Oh, lo spettacolo - le facce, le kefiah
I rasta inveterati, all'aria tersa solvente
Fra svolazzi boemi di fogli e foulards
Le testate bolsceviche - oh, Molotov!
Ed entra, e permea il pavé e le colonne
Ancora una volta la rivoluzione buona
E di nuovo fluisce la ganja tra i portici
Garrula e sfrenata come un fiume in corsa!
Sì, cappello in tasca e pantaloni da pagliaccio
Per sentirsi tutti alla Comune di Parigi!
La sagra del comunismo aperta a gote sedicenni!
E balli, sfacciato - hai la folla negli occhi
E nei ginocchi rimbalzano ritmi tribali
Orgiastici, marxisti e giamaicani - che bello
Assetati seguire la scia del dettato pogante
Di un carrozzone barcollando per i vicoli
Oh, quant'è orfica questa festa! Questa canzone
Che ti spara alla bocca sorridenti cannoni!
E i plotoni, le gualdrappe dei popoli oppressi
E i compagni di Modena, e i compagni di Ferrara
Dentro ogni angolo del grembo delle Americhe!

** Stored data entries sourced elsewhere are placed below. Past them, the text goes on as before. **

(* Let $\mathbf k$ be an algebraically closed field of characteristic zero, $n\geq 1$, $\zeta\in\mathbf k$, and let $\mathcal D_{\zeta,n}$ be the monoidal category defined below. Let $k\in\mathbb N$ be divisible by $n$, say $k=ln$. Then $\mathrm{Hom}_{\mathcal D_{\zeta,n}}(k,0)$ is the $\mathbf k$-span of $f_n^{\otimes l}:k\to 0$.
   Context: $\mathcal D_{\zeta,n}$ is the strict $\mathbf k$-linear monoidal category whose objects are the natural numbers $k\in\mathbb N$ (thought of as $k$ points), with tensor product $k\otimes l=k+l$ on objects and unit $0$, and whose morphisms are generated under composition, tensor product and $\mathbf k$-linear combinations by the identity $\mathrm{id}_1$ of $1$ and two morphisms $f_n:n\to 0$ and $g_n:0\to n$, subject to the relations $f_n\circ g_n=\mathrm{id}_0$, $g_n\circ f_n=\mathrm{id}_n$, and $\mathrm{id}_1\otimes f_n=\zeta\,(f_n\otimes\mathrm{id}_1)$ as morphisms $n+1\to 1$. *)

theory Defs
  imports "HOL-Computational_Algebra.Polynomial"
begin

text \<open>Syntactic presentation of the strict k-linear monoidal category D_{zeta,n}. F stands for f_n : n -> 0, G for g_n : 0 -> n,
  Id m for the identity of the object m (Id m is id_1 tensored m times, Id 0 the unit identity).
  Comp a b means a composed after b.\<close>

datatype 'k mexp =
    Id nat
  | F
  | G
  | Comp "'k mexp" "'k mexp"
  | Tens "'k mexp" "'k mexp"
  | Scal 'k "'k mexp"
  | Add "'k mexp" "'k mexp"
  | Zero nat nat

inductive typed :: "nat \<Rightarrow> 'k mexp \<Rightarrow> nat \<Rightarrow> nat \<Rightarrow> bool" for n :: nat where
  ty_id: "typed n (Id m) m m"
| ty_F: "typed n F n 0"
| ty_G: "typed n G 0 n"
| ty_comp: "typed n a y z \<Longrightarrow> typed n b x y \<Longrightarrow> typed n (Comp a b) x z"
| ty_tens: "typed n a x y \<Longrightarrow> typed n b x' y' \<Longrightarrow> typed n (Tens a b) (x + x') (y + y')"
| ty_scal: "typed n a x y \<Longrightarrow> typed n (Scal c a) x y"
| ty_add: "typed n a x y \<Longrightarrow> typed n b x y \<Longrightarrow> typed n (Add a b) x y"
| ty_zero: "typed n (Zero x y) x y"

text \<open>eqv n \<zeta> a b x y: a and b are equal as morphisms x -> y of D_{\<zeta>,n}, i.e. the
  congruence generated by the axioms of a strict k-linear monoidal category and the
  defining relations of D_{\<zeta>,n}.\<close>
inductive eqv :: "nat \<Rightarrow> 'k::field \<Rightarrow> 'k mexp \<Rightarrow> 'k mexp \<Rightarrow> nat \<Rightarrow> nat \<Rightarrow> bool"
  for n :: nat and \<zeta> :: "'k::field" where
  e_refl: "typed n a x y \<Longrightarrow> eqv n \<zeta> a a x y"
| e_sym: "eqv n \<zeta> a b x y \<Longrightarrow> eqv n \<zeta> b a x y"
| e_trans: "eqv n \<zeta> a b x y \<Longrightarrow> eqv n \<zeta> b c x y \<Longrightarrow> eqv n \<zeta> a c x y"
| e_comp: "eqv n \<zeta> a a' y z \<Longrightarrow> eqv n \<zeta> b b' x y \<Longrightarrow> eqv n \<zeta> (Comp a b) (Comp a' b') x z"
| e_tens: "eqv n \<zeta> a a' x y \<Longrightarrow> eqv n \<zeta> b b' x' y' \<Longrightarrow>
    eqv n \<zeta> (Tens a b) (Tens a' b') (x + x') (y + y')"
| e_scal: "eqv n \<zeta> a a' x y \<Longrightarrow> eqv n \<zeta> (Scal c a) (Scal c a') x y"
| e_add: "eqv n \<zeta> a a' x y \<Longrightarrow> eqv n \<zeta> b b' x y \<Longrightarrow> eqv n \<zeta> (Add a b) (Add a' b') x y"
| e_comp_assoc: "typed n c w x \<Longrightarrow> typed n b x y \<Longrightarrow> typed n a y z \<Longrightarrow>
    eqv n \<zeta> (Comp (Comp a b) c) (Comp a (Comp b c)) w z"
| e_id_l: "typed n a x y \<Longrightarrow> eqv n \<zeta> (Comp (Id y) a) a x y"
| e_id_r: "typed n a x y \<Longrightarrow> eqv n \<zeta> (Comp a (Id x)) a x y"
| e_tens_assoc: "typed n a x y \<Longrightarrow> typed n b x' y' \<Longrightarrow> typed n c x'' y'' \<Longrightarrow>
    eqv n \<zeta> (Tens (Tens a b) c) (Tens a (Tens b c)) (x + x' + x'') (y + y' + y'')"
| e_unit_l: "typed n a x y \<Longrightarrow> eqv n \<zeta> (Tens (Id 0) a) a x y"
| e_unit_r: "typed n a x y \<Longrightarrow> eqv n \<zeta> (Tens a (Id 0)) a x y"
| e_id_tens: "eqv n \<zeta> (Tens (Id m) (Id m')) (Id (m + m')) (m + m') (m + m')"
| e_interchange: "typed n a y z \<Longrightarrow> typed n b x y \<Longrightarrow> typed n c y' z' \<Longrightarrow> typed n d x' y' \<Longrightarrow>
    eqv n \<zeta> (Comp (Tens a c) (Tens b d)) (Tens (Comp a b) (Comp c d)) (x + x') (z + z')"
| e_add_assoc: "typed n a x y \<Longrightarrow> typed n b x y \<Longrightarrow> typed n c x y \<Longrightarrow>
    eqv n \<zeta> (Add (Add a b) c) (Add a (Add b c)) x y"
| e_add_comm: "typed n a x y \<Longrightarrow> typed n b x y \<Longrightarrow> eqv n \<zeta> (Add a b) (Add b a) x y"
| e_add_zero: "typed n a x y \<Longrightarrow> eqv n \<zeta> (Add a (Zero x y)) a x y"
| e_add_inv: "typed n a x y \<Longrightarrow> eqv n \<zeta> (Add a (Scal (-1) a)) (Zero x y) x y"
| e_scal_one: "typed n a x y \<Longrightarrow> eqv n \<zeta> (Scal 1 a) a x y"
| e_scal_scal: "typed n a x y \<Longrightarrow> eqv n \<zeta> (Scal c (Scal d a)) (Scal (c * d) a) x y"
| e_scal_add: "typed n a x y \<Longrightarrow> typed n b x y \<Longrightarrow>
    eqv n \<zeta> (Scal c (Add a b)) (Add (Scal c a) (Scal c b)) x y"
| e_add_scal: "typed n a x y \<Longrightarrow> eqv n \<zeta> (Scal (c + d) a) (Add (Scal c a) (Scal d a)) x y"
| e_comp_add_l: "typed n a y z \<Longrightarrow> typed n a' y z \<Longrightarrow> typed n b x y \<Longrightarrow>
    eqv n \<zeta> (Comp (Add a a') b) (Add (Comp a b) (Comp a' b)) x z"
| e_comp_add_r: "typed n a y z \<Longrightarrow> typed n b x y \<Longrightarrow> typed n b' x y \<Longrightarrow>
    eqv n \<zeta> (Comp a (Add b b')) (Add (Comp a b) (Comp a b')) x z"
| e_comp_scal_l: "typed n a y z \<Longrightarrow> typed n b x y \<Longrightarrow>
    eqv n \<zeta> (Comp (Scal c a) b) (Scal c (Comp a b)) x z"
| e_comp_scal_r: "typed n a y z \<Longrightarrow> typed n b x y \<Longrightarrow>
    eqv n \<zeta> (Comp a (Scal c b)) (Scal c (Comp a b)) x z"
| e_tens_add_l: "typed n a x y \<Longrightarrow> typed n a' x y \<Longrightarrow> typed n b x' y' \<Longrightarrow>
    eqv n \<zeta> (Tens (Add a a') b) (Add (Tens a b) (Tens a' b)) (x + x') (y + y')"
| e_tens_add_r: "typed n a x y \<Longrightarrow> typed n b x' y' \<Longrightarrow> typed n b' x' y' \<Longrightarrow>
    eqv n \<zeta> (Tens a (Add b b')) (Add (Tens a b) (Tens a b')) (x + x') (y + y')"
| e_tens_scal_l: "typed n a x y \<Longrightarrow> typed n b x' y' \<Longrightarrow>
    eqv n \<zeta> (Tens (Scal c a) b) (Scal c (Tens a b)) (x + x') (y + y')"
| e_tens_scal_r: "typed n a x y \<Longrightarrow> typed n b x' y' \<Longrightarrow>
    eqv n \<zeta> (Tens a (Scal c b)) (Scal c (Tens a b)) (x + x') (y + y')"
  (* defining relations of D_{\<zeta>,n} *)
| e_fg: "eqv n \<zeta> (Comp F G) (Id 0) 0 0"
| e_gf: "eqv n \<zeta> (Comp G F) (Id n) n n"
| e_twist: "eqv n \<zeta> (Tens (Id 1) F) (Scal \<zeta> (Tens F (Id 1))) (n + 1) 1"

fun fpow :: "nat \<Rightarrow> 'k mexp" where
  "fpow 0 = Id 0"
| "fpow (Suc l) = Tens F (fpow l)"

end

theory Submission
  imports Defs
begin

(* Every object x is isomorphic to its residue x mod n, through
   to_residue x = f_n^(x div n) \<otimes> id_(x mod n), whose inverse from_residue x is built from g_n.
   Hence Hom(x, y) is spanned by the single morphism canonical x y, the composite
   x -> x mod n -> y when x and y have the same residue, and zero otherwise. Closure under composition is the cancellation
   to_residue y o from_residue y = id. A tensor product factors as a \<otimes> b = (a \<otimes> id) o (id \<otimes> b),
   so it suffices to tensor canonical morphisms with identities: on the right this is a
   reassociation, on the left the relation id_1 \<otimes> f_n = \<zeta> (f_n \<otimes> id_1) moves identities past
   f_n, and past its inverse g_n, at the cost of a scalar. For k = l n the canonical morphism
   k -> 0 is f_n^(l). *)

section \<open>Typing of morphism expressions\<close>

inductive_cases typed_IdE: "typed n (Id m) x y"
inductive_cases typed_FE: "typed n F x y"
inductive_cases typed_GE: "typed n G x y"
inductive_cases typed_CompE: "typed n (Comp a b) x z"
inductive_cases typed_TensE: "typed n (Tens a b) x y"
inductive_cases typed_ScalE: "typed n (Scal c a) x y"
inductive_cases typed_AddE: "typed n (Add a b) x y"
inductive_cases typed_ZeroE: "typed n (Zero x' y') x y"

Aste e microfoni - imbandiremo il giorno, sì
Alla rincorsa, la destabilizzazione del sistema
Ci prende la mano - e la congiunge, allegra
E trionfale come il Caso, a quella bolscevica
Compagna di lotta. Uno sguardo - ma è lei
Giorno felice! Come sono orfici questi cortei!
Fanculo i sindacati! Il socialismo ti spalanca ponti
E manderete al diavolo, insieme, i catafalchi e i corridoi
Seduti sopra al Sole! Muratura mirabile, è genesi
Come dire? - del miracolo sociale, questa
E le ali che ha messo la città, solo per noi
E perché, muratura mirabile, sbatti in faccia
Alla nostra giovane militanza il fratello operaio
Che sprezzando i nostri fervori, alla finestra
Seminudo trionfalmente assiso, balla?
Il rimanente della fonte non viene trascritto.